Henk Vandenbergh
Swat: a disk and tape I/O performance and workload reporter.
Swat: a disk and tape I/O performance and workload reporter.
Swat: Sun StorageTek Workload Analysis Tool.
This tool was written to help Sun’s engineering and sales and service organizations understand a customer’s storage I/O workload.
Swat can be used for among many other reasons:
- Problem analysis
- Configuration sizing (just buying x GB of storage just won’t do anymore)
- Trend analysis: is my workload growing, and can I identify/resolve problems before they happen?

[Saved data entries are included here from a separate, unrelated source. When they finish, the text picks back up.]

lemma complex_of_gauss_int_quartic_eq_iff:
  "complex_of_gauss_int x ^ 4 + complex_of_gauss_int e * complex_of_gauss_int y ^ 4
     = \<i> * complex_of_gauss_int z ^ 2 \<longleftrightarrow> x ^ 4 + e * y ^ 4 = gauss_i * z ^ 2"
  using complex_of_gauss_int_eq_iff[of "x ^ 4 + e * y ^ 4" "gauss_i * z ^ 2"] by simp

theorem theorem1:
  shows "(\<forall>x\<in>gauss_ints. \<forall>y\<in>gauss_ints. \<forall>z\<in>gauss_ints.
            x ^ 4 - y ^ 4 = \<i> * z ^ 2 \<longrightarrow> x * y * z = 0)
       \<and> (\<forall>x\<in>gauss_ints. \<forall>y\<in>gauss_ints. \<forall>z\<in>gauss_ints.
            (x ^ 4 + y ^ 4 = \<i> * z ^ 2 \<and> x * y * z \<noteq> 0 \<and> gcoprime3 x y z)
            \<longleftrightarrow> (x \<in> {\<i>, -\<i>, 1, -1} \<and> y \<in> {\<i>, -\<i>, 1, -1}
                 \<and> z \<in> {\<i> * (1 + \<i>), - (\<i> * (1 + \<i>))}))"
proof -
  let ?c = complex_of_gauss_int
  have part_i: "?c x ^ 4 - ?c y ^ 4 = \<i> * ?c z ^ 2 \<longrightarrow> ?c x * ?c y * ?c z = 0" for x y z
    using diff_fourth_powers_eq_gauss_i_square_trivial[of x y z]
      complex_of_gauss_int_quartic_eq_iff[of x "-1" y z]
    by simp
  have part_ii: "(?c x ^ 4 + ?c y ^ 4 = \<i> * ?c z ^ 2 \<and> ?c x * ?c y * ?c z \<noteq> 0
                   \<and> gcoprime3 (?c x) (?c y) (?c z))
       \<longleftrightarrow> (?c x \<in> {\<i>, -\<i>, 1, -1} \<and> ?c y \<in> {\<i>, -\<i>, 1, -1}
            \<and> ?c z \<in> {\<i> * (1 + \<i>), - (\<i> * (1 + \<i>))})" for x y z
    using sum_fourth_powers_eq_gauss_i_square_iff[of x y z]
      complex_of_gauss_int_quartic_eq_iff[of x 1 y z]
    unfolding gcoprime3_complex_of_gauss_int_iff complex_of_gauss_int_in_units_iff
      complex_of_gauss_int_eq_plus_minus_i_one_plus_i_iff
    by simp
  show ?thesis
    unfolding gauss_ints_eq_range using part_i part_ii by auto
qed

end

Swat is storage agnostic, so it does not matter what type or brand of storage you are trying to report on. Swat reports the host’s view of the storage performance, using the same Kstat (Solaris) data that iostat uses.
Swat consists of several different major functions:
- Swat Performance Monitor (SPM)
- Swat Trace Facility (STF)
- Swat Trace Monitor (STM)
- Swat Real Time Monitor
- Swat Local Real Time Monitor
- Swat Reporter
Swat Performance Monitor (SPM):
For Solaris and Windows, with an attempt in the current Swat 3.01 beta to also collect data on AIX and Linux.

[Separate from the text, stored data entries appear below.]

(* (a) If $n\ge 1$, $\mathcal{P}=C_n$ and $L=\mathfrak{g}^{\prec}(\mathcal{P})$, then $b(L)=|Rel_{\overline{C}}(\mathcal{P})|=\frac{(n-1)(n-2)}{2}$. (b) If $n\ge 1$, $\mathcal{P}=\mathbf{2\times n}$ and $L=\mathfrak{g}^{\prec}(\mathcal{P})$, then $b(L)=|Rel_{\overline{C}}(\mathcal{P})|=\frac{(n-1)(3n-4)}{2}$. (c) If $m\ge 2$, $n\ge 1$, $\mathcal{P}=T_m(n)$ and $L=\mathfrak{g}^{\prec}(\mathcal{P})$, then $b(L)=|Rel_{\overline{C}}(\mathcal{P})|=\frac{(n-2)m^{n+1}+(1-n)m^n+m^2}{(m-1)^2}$.
   Context: All Lie algebras are over an algebraically closed field $\mathbf{k}$ of characteristic zero. For a finite poset $\mathcal{P}$, write $x\prec y$ for strict relations; a strict relation $p\prec q$ is covering if there is no $z$ with $p\prec z\prec q$, and $Rel_{\overline{C}}(\mathcal{P})$ is the set of non-covering strict relations. The nilpotent Lie poset algebra $\mathfrak{g}^{\prec}(\mathcal{P})$ is the Lie algebra (under the commutator bracket) of $|\mathcal{P}|\times|\mathcal{P}|$ matrices spanned by the matrix units $E_{p,q}$ with $p\prec q$ (rows and columns indexed by $\mathcal{P}$). The breadth of a Lie algebra $L$ is $b(L)=\max_{x\in L}\operatorname{rank}(\mathrm{ad}_x)$, where $\mathrm{ad}_x=[x,-]$. Posets: $C_n$ is the chain $1\prec 2\prec\cdots\prec n$. $\mathbf{2\times n}$ is the poset on $\{i_j : 1\le i\le n,\ 1\le j\le 2\}$ with $i_j\preceq i'_{j'}$ iff $i\le i'$ and $j\le j'$ (product of a 2-chain and an $n$-chain; covering relations $i_j\prec (i+1)_j$ and $i_1\prec i_2$). $T_m(n)$ (for $m\ge 2$) is the rooted complete $m$-ary tree of depth $n$: the poset on $\{i_k : 1\le k\le n,\ 1\le i\le m^{k-1}\}$ whose covering relations are $i_k\prec j_{k+1}$ for $1\le k<n$, $1\le i\le m^{k-1}$ and $m(i-1)+1\le j\le mi$, with the order being the transitive closure of these. *)

theory Defs
  imports Main "HOL-Library.Function_Algebras" "HOL-Computational_Algebra.Polynomial"
begin

definition alg_closed :: "'k::field itself \<Rightarrow> bool" where
  "alg_closed _ \<longleftrightarrow> (\<forall>p::'k poly. degree p > 0 \<longrightarrow> (\<exists>x. poly p x = 0))"

text \<open>Matrices with rows/columns indexed by a poset carrier P are functions
  'a => 'a => 'k vanishing outside P x P.  Scalar multiplication:\<close>
definition mscale :: "'k::field \<Rightarrow> ('a \<Rightarrow> 'a \<Rightarrow> 'k) \<Rightarrow> ('a \<Rightarrow> 'a \<Rightarrow> 'k)" where
  "mscale c A = (\<lambda>i j. c * A i j)"

definition mbracket :: "'a set \<Rightarrow> ('a \<Rightarrow> 'a \<Rightarrow> 'k::field) \<Rightarrow> ('a \<Rightarrow> 'a \<Rightarrow> 'k) \<Rightarrow> ('a \<Rightarrow> 'a \<Rightarrow> 'k)" where
  "mbracket P A B = (\<lambda>i j. (\<Sum>k\<in>P. A i k * B k j) - (\<Sum>k\<in>P. B i k * A k j))"

definition lie_poset_alg :: "'k::field itself \<Rightarrow> 'a set \<Rightarrow> ('a \<Rightarrow> 'a \<Rightarrow> bool) \<Rightarrow> ('a \<Rightarrow> 'a \<Rightarrow> 'k) set" where
  "lie_poset_alg _ P lt = {A. \<forall>i j. A i j \<noteq> 0 \<longrightarrow> i \<in> P \<and> j \<in> P \<and> lt i j}"

definition rank_ad :: "'a set \<Rightarrow> ('a \<Rightarrow> 'a \<Rightarrow> bool) \<Rightarrow> ('a \<Rightarrow> 'a \<Rightarrow> 'k::field) \<Rightarrow> nat" where
  "rank_ad P lt x = vector_space.dim mscale ((\<lambda>y. mbracket P x y) ` lie_poset_alg TYPE('k) P lt)"

definition breadth :: "'k::field itself \<Rightarrow> 'a set \<Rightarrow> ('a \<Rightarrow> 'a \<Rightarrow> bool) \<Rightarrow> nat" where
  "breadth T P lt = Max {rank_ad P lt x | x. x \<in> lie_poset_alg T P lt}"

definition noncov_rel :: "'a set \<Rightarrow> ('a \<Rightarrow> 'a \<Rightarrow> bool) \<Rightarrow> ('a \<times> 'a) set" where
  "noncov_rel P lt = {(p, q). p \<in> P \<and> q \<in> P \<and> lt p q \<and> (\<exists>z\<in>P. lt p z \<and> lt z q)}"

definition chain_set :: "nat \<Rightarrow> nat set" where "chain_set n = {1..n}"
definition chain_lt :: "nat \<Rightarrow> nat \<Rightarrow> bool" where "chain_lt i j \<longleftrightarrow> i < j"

text \<open>2 x n: element i_j is the pair (i, j).\<close>
definition twon_set :: "nat \<Rightarrow> (nat \<times> nat) set" where
  "twon_set n = {(i, j). 1 \<le> i \<and> i \<le> n \<and> 1 \<le> j \<and> j \<le> 2}"
definition twon_lt :: "nat \<times> nat \<Rightarrow> nat \<times> nat \<Rightarrow> bool" where
  "twon_lt x y \<longleftrightarrow> fst x \<le> fst y \<and> snd x \<le> snd y \<and> x \<noteq> y"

Swat 3.01 also reports Network Adapter statistics on Solaris, Windows, and Linux.
A Swat Data Collector (agent) runs on some or all of your servers/hosts, collecting I/O performance statistics every 5, 10, or 15 minutes and writes the data to a disk file, one new file every day, automatically switched at midnight.
The data then can be analyzed using the Swat Reporter.
Swat Trace Facility (STF):
For Solaris and Windows. STF collects detailed I/O trace information. This data then goes through a data Extraction and Analysis phase that generates hundreds or thousands of second by second statistics counters. That data then can be analyzed using the Swat Reporter.
You create this trace for between 30 and 60 minutes for instance at a time when you know you will have a performance problem.
A disk I/O workload traced using Swat can be replayed on any test system to any type of storage using Vdbench (an other of my tools). This allows you to trace a customer’s production I/O workload, bring the trace data to your lab, and then replay your customer’s I/O workload on whatever storage you want. Want to see how the storage performs when the I/O rate doubles or triples? Vdbench Replay will show you.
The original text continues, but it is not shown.